As a young woman, I find the thought of Zoe’s Law being passed in NSW alarming, especially while abortion remains in the Crimes Act. To many, that might seem like a shrill and irrational response to a bill merely trying to bring justice to a mother who lost her unborn child. What happened to Brodie Donegan was gut-wrenchingly awful. I can’t imagine the pain of losing a child due to the carelessness of another. But is Zoe’s Law – named for Ms Donegan’s unborn daughter – the best way to bring about justice in this situation?
The NSW Bar Association doesn’t think so. It argues that the current law in this area is satisfactory, as concluded by the 2010 Review of Laws Surrounding Criminal Incidents Involving the Death of an Unborn Child. It believes situations like Ms Donegan’s are addressed in the Crimes Act, which states that grievous bodily harm includes “the destruction (other than in the course of a medical procedure) of the foetus of a pregnant woman, whether or not the woman suffers any other harm”.
The law, as it stands, acknowledges such an incident as a crime against the mother, rather than against the unborn child. This is where Ms Donegan wants to see a change. She wants the loss of her unborn daughter acknowledged as something more than a personal injury. That’s a completely understandable position to take. However, Zoe’s Law presents far more problems and risks for the broader community than it attempts to solve.
Firstly, the way Zoe’s Law defines the state of personhood is completely arbitrary. The idea that personhood begins at 20 weeks gestation, or at the weight of 400 grams, seems to be plucked out of the air. It’s ridiculous to deem the loss of a 19-week-old foetus as any less significant than the loss of a 20-week-old foetus. This is why the current law works better for those who have lost a pregnancy due to grievous bodily harm. It protects the foetus throughout gestation, regardless of age or size.
Secondly, this could have huge repercussions for the legality of abortion procedures. We cannot take abortion access for granted while it remains in the Crimes Act. The NSW Bar Association warns that once we accept the premise of Zoe’s Law, foetuses have separate rights from the mother, and it will be very easy for anti-abortion activists and lawmakers to go further with it.
We could see the definition of personhood chopped and changed around to yet another random definition. We could see this definition of personhood extended into manslaughter and murder offences. This could have catastrophic implications for abortion access in NSW, particularly for late-term abortions.
This is a legitimate concern. Peak medical and legal bodies, such as the Australian Medical Association and the NSW Bar Association, have been saying this for months. There are also countless anti-abortion groups supporting Zoe’s Law.

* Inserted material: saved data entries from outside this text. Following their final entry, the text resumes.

lemma scalar_prod_zero_append:
  assumes "q \<in> carrier_vec m" "z \<in> carrier_vec (n + m)"
  shows "(0\<^sub>v n @\<^sub>v q) \<bullet> z = q \<bullet> vec_last z m"
proof -
  have "(0\<^sub>v n @\<^sub>v q) \<bullet> z = (0\<^sub>v n @\<^sub>v q) \<bullet> (vec_first z n @\<^sub>v vec_last z m)"
    by (simp only: vec_first_last_append[OF assms(2)])
  also have "\<dots> = 0\<^sub>v n \<bullet> vec_first z n + q \<bullet> vec_last z m"
    using assms by (intro scalar_prod_append[of _ n _ m]) auto
  finally show ?thesis by simp
qed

I don’t for a second believe they’ll be content to see the bill pass and let it be. It’s their foot in the door for further restrictions on abortion access.

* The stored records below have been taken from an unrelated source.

lemma residue_cot_kernel_minus_one:
  assumes "odd a" "odd b"
  shows "residue (cot_kernel a b) (-1) = 0"
proof -
  define T where "T = {w::complex. w^a = 1} \<union> {w. w^b = 1}"
  have "finite T" unfolding T_def using assms by (auto intro: finite_roots_unity odd_pos)
  define h where "h w = (w^a + 1) * (w^b + 1) / ((w^a - 1) * (w^b - 1) * (w - 1))" for w :: complex
  have "cot_kernel a b = (\<lambda>w. h w / (w - (-1)))"
    by (rule ext) (simp add: cot_kernel_def h_def power2_eq_square algebra_simps)
  moreover have "residue (\<lambda>w. h w / (w - (-1))) (-1) = h (-1)"
    by (rule residue_simple[where s = "- T"])
       (use \<open>finite T\<close> assms in \<open>auto simp: T_def h_def finite_imp_closed open_Compl intro!: holomorphic_intros\<close>)
  moreover have "h (-1) = 0" unfolding h_def using assms by simp
  ultimately show ?thesis by simp
qed

definition cot_kernel_cofactor :: "nat \<Rightarrow> nat \<Rightarrow> complex \<Rightarrow> complex" where
  "cot_kernel_cofactor a b w = (w^a + 1) * (w^b + 1) / ((w + 1) * (\<Sum>i<a. w^i) * (\<Sum>i<b. w^i))"

lemma cot_kernel_eq_cofactor: "cot_kernel a b w = cot_kernel_cofactor a b w / (w - 1) ^ 3"
proof -
  have "(w^a - 1) * (w^b - 1) * (w^2 - 1) = (w + 1) * (\<Sum>i<a. w^i) * (\<Sum>i<b. w^i) * (w - 1) ^ 3"
    by (simp only: power_diff_1_eq[of w a] power_diff_1_eq[of w b]) (simp add: power2_eq_square power3_eq_cube algebra_simps)
  then show ?thesis by (simp add: cot_kernel_def cot_kernel_cofactor_def)
qed

lemma cot_kernel_cofactor_holomorphic:
  assumes "a > 0" "b > 0"
  obtains A where "open A" "1 \<in> A" "cot_kernel_cofactor a b holomorphic_on A"
    and "\<And>w. w \<in> A \<Longrightarrow> (w + 1) * (\<Sum>i<a. w^i) * (\<Sum>i<b. w^i) \<noteq> 0"
proof
  let ?A = "{w::complex. (w + 1) * (\<Sum>i<a. w^i) * (\<Sum>i<b. w^i) \<noteq> 0}"
  show "open ?A" by (intro open_Collect_neq continuous_intros)
  show "1 \<in> ?A" using assms by simp
  show "cot_kernel_cofactor a b holomorphic_on ?A"
    unfolding cot_kernel_cofactor_def by (intro holomorphic_intros) auto
  show "\<And>w. w \<in> ?A \<Longrightarrow> (w + 1) * (\<Sum>i<a. w^i) * (\<Sum>i<b. w^i) \<noteq> 0" by simp
qed

lemma residue_cot_kernel_one_eq:
  assumes "a > 0" "b > 0"
  shows "residue (cot_kernel a b) 1 = deriv (deriv (cot_kernel_cofactor a b)) 1 / 2"
proof -
  obtain A where "open A" "1 \<in> A" "cot_kernel_cofactor a b holomorphic_on A"
    using cot_kernel_cofactor_holomorphic[OF assms] by metis
  then have "residue (\<lambda>w. cot_kernel_cofactor a b w / (w - 1) ^ Suc 2) 1
      = (deriv ^^ 2) (cot_kernel_cofactor a b) 1 / fact 2"
    by (rule residue_holomorphic_over_power)
  then show ?thesis by (simp add: cot_kernel_eq_cofactor[abs_def] eval_nat_numeral)
qed

lemma cot_kernel_cofactor_mult_eq:
  assumes "(w + 1) * (\<Sum>i<a. w^i) * (\<Sum>i<b. w^i) \<noteq> 0"
  shows "(w^a - 1) * (w^b - 1) * (w + 1) * cot_kernel_cofactor a b w = (w - 1)^2 * (w^a + 1) * (w^b + 1)"
proof -
  have "(w^a - 1) * (w^b - 1) * (w + 1) = (w + 1) * (\<Sum>i<a. w^i) * (\<Sum>i<b. w^i) * (w - 1)^2"
    by (simp only: power_diff_1_eq[of w a] power_diff_1_eq[of w b]) (simp add: power2_eq_square algebra_simps)
  then show ?thesis using assms by (simp add: cot_kernel_cofactor_def)
qed

lemma cot_kernel_cofactor_derivative_relations:
  assumes "a > 0" "b > 0"
  defines "f \<equiv> cot_kernel_cofactor a b" and "x \<equiv> of_nat a" and "y \<equiv> of_nat b"
  shows "4*x*y * f 1 = 8"
    and "12*x*y * deriv f 1 + 6*x*y*(x+y-1) * f 1 = 12*(x+y)"
    and "24*x*y * deriv (deriv f) 1 + 24*x*y*(x+y-1) * deriv f 1
         + (8*x^3*y + 12*x^2*y^2 + 8*x*y^3 - 24*x^2*y - 24*x*y^2 + 20*x*y) * f 1
         = 24*(x^2 + y^2 + x*y - x - y)"
proof -
  obtain A where A: "open A" "1 \<in> A" "f holomorphic_on A"
    and denom: "\<And>w. w \<in> A \<Longrightarrow> (w + 1) * (\<Sum>i<a. w^i) * (\<Sum>i<b. w^i) \<noteq> 0"
    using cot_kernel_cofactor_holomorphic[OF assms(1,2)] unfolding f_def by metis
  \<comment> \<open>H and G are the two sides of \<open>cot_kernel_cofactor_mult_eq\<close> expanded into monomials, so
    their derivatives at 1 are explicit; as H has a double zero at 1, the Leibniz rule for
    \<open>H * f = G\<close> in orders 2, 3, 4 is a triangular system for \<open>f 1\<close>, \<open>f' 1\<close>, \<open>f'' 1\<close>.\<close>
  define H where "H w = w^(a+b+1) + w^(a+b) - w^(a+1) - w^a - w^(b+1) - w^b + w^1 + w^0" for w :: complex
  define G where "G w = w^(a+b+2) + w^(a+2) + w^(b+2) + w^2 - 2*w^(a+b+1) - 2*w^(a+1) - 2*w^(b+1)
     - 2*w^1 + w^(a+b) + w^a + w^b + w^0" for w :: complex
  have HG: "H w * f w = G w" if "w \<in> A" for w
  proof -
    have "H w = (w^a - 1) * (w^b - 1) * (w + 1)" by (simp add: H_def algebra_simps power_add)
    then have "H w * f w = (w - 1)^2 * (w^a + 1) * (w^b + 1)"
      using cot_kernel_cofactor_mult_eq[OF denom[OF that]] by (simp add: f_def)
    also have "\<dots> = G w" by (simp add: G_def algebra_simps power_add power2_eq_square)
    finally show ?thesis .
  qed
  have "H analytic_on {1}" unfolding H_def[abs_def] by (intro analytic_intros)
  then have Leibniz: "(\<Sum>i=0..k. of_nat (k choose i) * (deriv^^i) H 1 * (deriv^^(k-i)) f 1) = (deriv^^k) G 1" for k
    by (rule higher_deriv_mult_eq_at[OF A _ HG])
  have Hd: "(deriv^^k) H 1 = (\<Prod>j<k. x+y+1 - of_nat j) + (\<Prod>j<k. x+y - of_nat j) - (\<Prod>j<k. x+1 - of_nat j)
     - (\<Prod>j<k. x - of_nat j) - (\<Prod>j<k. y+1 - of_nat j) - (\<Prod>j<k. y - of_nat j) + (\<Prod>j<k. 1 - of_nat j)
     + (\<Prod>j<k. 0 - of_nat j)" for k
    unfolding H_def[abs_def]
    by (simp only: higher_deriv_add_at higher_deriv_diff_at analytic_intros higher_deriv_power_eq_prod)
       (simp add: x_def y_def ac_simps)
  have Gd: "(deriv^^k) G 1 = (\<Prod>j<k. x+y+2 - of_nat j) + (\<Prod>j<k. x+2 - of_nat j) + (\<Prod>j<k. y+2 - of_nat j)
     + (\<Prod>j<k. 2 - of_nat j) - 2*(\<Prod>j<k. x+y+1 - of_nat j) - 2*(\<Prod>j<k. x+1 - of_nat j) - 2*(\<Prod>j<k. y+1 - of_nat j)
     - 2*(\<Prod>j<k. 1 - of_nat j) + (\<Prod>j<k. x+y - of_nat j) + (\<Prod>j<k. x - of_nat j) + (\<Prod>j<k. y - of_nat j)
     + (\<Prod>j<k. 0 - of_nat j)" for k
    unfolding G_def[abs_def]
    by (simp only: higher_deriv_add_at higher_deriv_diff_at higher_deriv_cmult' analytic_intros higher_deriv_power_eq_prod)
       (simp add: x_def y_def ac_simps)
  show "4*x*y * f 1 = 8"
    using Leibniz[of 2] by (simp only: Hd Gd) (simp add: eval_nat_numeral algebra_simps)
  show "12*x*y * deriv f 1 + 6*x*y*(x+y-1) * f 1 = 12*(x+y)"
    using Leibniz[of 3] by (simp only: Hd Gd) (simp add: eval_nat_numeral algebra_simps)
  show "24*x*y * deriv (deriv f) 1 + 24*x*y*(x+y-1) * deriv f 1
         + (8*x^3*y + 12*x^2*y^2 + 8*x*y^3 - 24*x^2*y - 24*x*y^2 + 20*x*y) * f 1
         = 24*(x^2 + y^2 + x*y - x - y)"
    using Leibniz[of 4] by (simp only: Hd Gd) (simp add: eval_nat_numeral algebra_simps)
qed

lemma residue_cot_kernel_one:
  assumes "a > 0" "b > 0"
  shows "residue (cot_kernel a b) 1 = (of_nat a ^ 2 + of_nat b ^ 2 - 2) / (6 * of_nat a * of_nat b)"
proof -
  define f where "f = cot_kernel_cofactor a b"
  define x where "x = (of_nat a :: complex)"
  define y where "y = (of_nat b :: complex)"
  have xy: "x \<noteq> 0" "y \<noteq> 0" using assms by (auto simp: x_def y_def)
  note rel = cot_kernel_cofactor_derivative_relations[OF assms, folded f_def x_def y_def]
  have f0: "f 1 = 2 / (x*y)" using rel(1) xy by (simp add: field_simps)
  have f1: "deriv f 1 = 1 / (x*y)"
    using rel(2) xy by (simp add: f0 field_simps)
  have "24*x*y * deriv (deriv f) 1 = 24*(x^2 + y^2 + x*y - x - y) - 24*x*y*(x+y-1) * deriv f 1
      - (8*x^3*y + 12*x^2*y^2 + 8*x*y^3 - 24*x^2*y - 24*x*y^2 + 20*x*y) * f 1"
    using rel(3) by (simp add: algebra_simps)
  also have "\<dots> = 8 * (x^2 + y^2 - 2)"
    using xy by (simp add: f0 f1 field_simps power2_eq_square power3_eq_cube)
  finally have "8 * (3*x*y * deriv (deriv f) 1) = 8 * (x^2 + y^2 - 2)" by (simp add: mult_ac)
  then have "deriv (deriv f) 1 = (x^2 + y^2 - 2) / (3*x*y)"
    using xy by (simp only: mult_cancel_left) (simp add: field_simps)
  then show ?thesis
    using residue_cot_kernel_one_eq[OF assms] xy by (simp add: f_def x_def y_def field_simps)
qed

If we want to recognise forced pregnancy loss as more than an injury, then we need a bill that does this without the risks of Zoe’s Law. Law lecturer Hannah Robert suggested in The Conversation that experiences like Ms Donegan’s need to be recognised by the law as a violation of reproductive autonomy. Such a law would truly recognise the experience as something more significant and distinct from a personal injury. Such a law would also strengthen reproductive autonomy, rather than erode it.